Судьба. Это судьба. Гляди на икону Богородицы в серебряном окладе, украшенном драгоценными каменьями. Сапфира среди них нет. И не этою иконой будут благословлять тебя с твоей женщиной, и не в этой церкви.
Вот здесь Камню было б самое место… в окладе… над Богородицыным лбом… что тот Будда, перебился бы… подарил бы Божьей Матери, за муки ее, Третий Глаз свой…
Черная машина стоит, ждет близ церковных врат. За стеклами машины – гладкие лица в черных очках. Черные терпеливо ждут. Один из сидящих в машине, приспустив ветровое стекло, бросает на снег окурок. О, в Париже тоже бывает снег. Еще какой выпадает. Гамены радуются, визжат, лепят из снега Гиньолей. Потом из окошка, вслед за окурком, летит монета – нищенке, сидящей у входа во храм, подогнув под себя ноги. Нищенка босая, лицо ее красно, седые волосы распущены по плечам, укутанным в лохмотья. Она благодарит, кланяется, приговаривает торопливо по-русски: ох, да благословит вас Бог, господа хорошие, добрые вы люди!.. от голода меня спасли… от смерти верной…
Ионафан в келье надел на шею мешочек с Сапфиром, как ладанку.
Не бойтесь. Цесаревна получит свое наследье в целости и сохранности. А Воспителле скажите…
В машине черные сидят, ждут.
Голуби клюют хлеб, что бросает, малыми кусочками, на снег седая русская нищенка.
Служба идет, и тепло и ярко горят свечи живым золотом, бездна свечей обнимает тьму храма, водит хороводы, уходит вдаль, истаивает в кромешном мраке, наползающем из углов, с купола, с зимнего неба.
Выйдем на воздух, господа. Выйдем на крыльцо, на паперть – вдохнуть свежий вечер, звезды, снег.
Ионафан, в светящейся, как жерло золотого вулкана, тяжелой, негнущейся ризе вышел вон из храмовых дверей. За ним вывалились Лех, капитан, Исупов. Парижские зимние сумерки такие же синие, лиловые, малиновые, как и армагеддонские. Есть вечерняя молитва. Только никто из нас ее не знает. Не помнит.
Выстрел грохнул, как удар золотых тарелок в оркестре. Ионафан упал на каменные плиты, обливаясь кровью. Черные выскочили из машины. Эй ты, скорее! Давид видел в храмовое окно, через решетку – он надевал себе на шею кисет. Клянусь, камень там. Он у него на груди, под панагией. Не копайтесь!
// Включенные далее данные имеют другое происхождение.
lemma mem_cl_iff:
  assumes "in_C A R" "X \<subseteq> A"
  shows "y \<in> cl A R X \<longleftrightarrow> y \<in> A \<and> (\<exists>Y. X \<union> {y} \<subseteq> Y \<and> Y \<subseteq> A \<and> delta R Y = dim A R X)"
proof
  assume "y \<in> cl A R X"
  then have "y \<in> A" "dim A R (X \<union> {y}) = dim A R X" unfolding cl_def by auto
  then show "y \<in> A \<and> (\<exists>Y. X \<union> {y} \<subseteq> Y \<and> Y \<subseteq> A \<and> delta R Y = dim A R X)"
    using dim_attained(1)[OF assms(1), of "X \<union> {y}"] assms(2) by auto
next
  assume "y \<in> A \<and> (\<exists>Y. X \<union> {y} \<subseteq> Y \<and> Y \<subseteq> A \<and> delta R Y = dim A R X)"
  then obtain Y where Y: "y \<in> A" "X \<union> {y} \<subseteq> Y" "Y \<subseteq> A" "delta R Y = dim A R X" by blast
  have "dim A R (X \<union> {y}) \<le> dim A R X" using dim_le_delta[OF assms(1) Y(2,3)] Y(4) by simp
  moreover have "dim A R X \<le> dim A R (X \<union> {y})"
    using dim_mono[OF assms(1), of X "X \<union> {y}"] Y by auto
  ultimately show "y \<in> cl A R X" unfolding cl_def using Y by auto
qed

lemma subset_cl:
  assumes "X \<subseteq> A"
  shows "X \<subseteq> cl A R X"
  unfolding cl_def using assms by (auto simp: insert_absorb)

lemma cl_subset: "cl A R X \<subseteq> A"
  unfolding cl_def by auto

lemma subset_clI:
  assumes "in_C A R" "X \<subseteq> Y" "Y \<subseteq> A" "delta R Y \<le> dim A R X"
  shows "Y \<subseteq> cl A R X"
proof
  fix y assume "y \<in> Y"
  moreover have "delta R Y = dim A R X" using dim_le_delta[OF assms(1-3)] assms(4) by simp
  ultimately show "y \<in> cl A R X" using mem_cl_iff[OF assms(1), of X y] assms(2,3) by auto
qed

text \<open>By submodularity, the union of two d(X)-realising supersets of \<open>X\<close> realises d(X).\<close>
lemma dim_realising_Un:
  assumes "in_C A R" "X \<subseteq> Y" "Y \<subseteq> A" "delta R Y = dim A R X"
    and "X \<subseteq> Z" "Z \<subseteq> A" "delta R Z = dim A R X"
  shows "delta R (Y \<union> Z) = dim A R X"
proof -
  have "dim A R X \<le> delta R (Y \<inter> Z)" "dim A R X \<le> delta R (Y \<union> Z)"
    using dim_le_delta[OF assms(1), of X "Y \<inter> Z"] dim_le_delta[OF assms(1), of X "Y \<union> Z"]
      assms by auto
  then show ?thesis using delta_submodular[OF assms(1) assms(3) assms(6)] assms(4,7) by linarith
qed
Над телом Ионафана, предавшего черных, черные наклонились, сгрудились, копошились, как черные жуки. Разрезали парчовую ризу у него на груди ножом, запустили ему руки за пазуху. Один из черных резко, наотмашь, будто ударил тьму саблей, повернул лицо к свету фонаря, и Лех чуть не вскрикнул. Этот человек бил его. Этот человек всаживал в него опьяняющие иглы. Авессалом!
Он повелительно взмахнул рукой готовым вытащить оружье Серебрякову и Исупову. Не стреляйте. Сейчас весь народ из церкви повалит. Весь русский Париж здесь. Не надо ходынки. Тут же дети… старухи. Тихо. Я сам его убью. Но не пулей. Я попытаюсь… Он облизнул вмиг пересохшие губы. Я по-иному хочу. Я сделаю это в память Стива. Я попробую. Если они меня сумеют прикончить, а не я их – значит, туда мне и дорога.
– Что он задумал, Исупов?..
– Тише. Не мешай ему.
Полковник и капитан стиснули до хруста руки друг другу.
Прямо на Леха надвигался человек с Черным Лицом. Черные очки крепко всажены в переносицу; темная кожа обтягивает череп, загорелая, южная, смуглая. В сумеречном свете скулы приобрели оттенок серой мертвенности, безжизненной земляной черноты. Черный сделал молниеносный выпад в сторону Леха; вот где пригодилось твое восточное уменье, твое тайное каратэ-до, посвященья твоего мастера. Черный не хотел долго играть. Рука с револьвером вскинулась, и дуло надменно выставилось черным птичьим клювом тебе, солдат, в беззащитный висок.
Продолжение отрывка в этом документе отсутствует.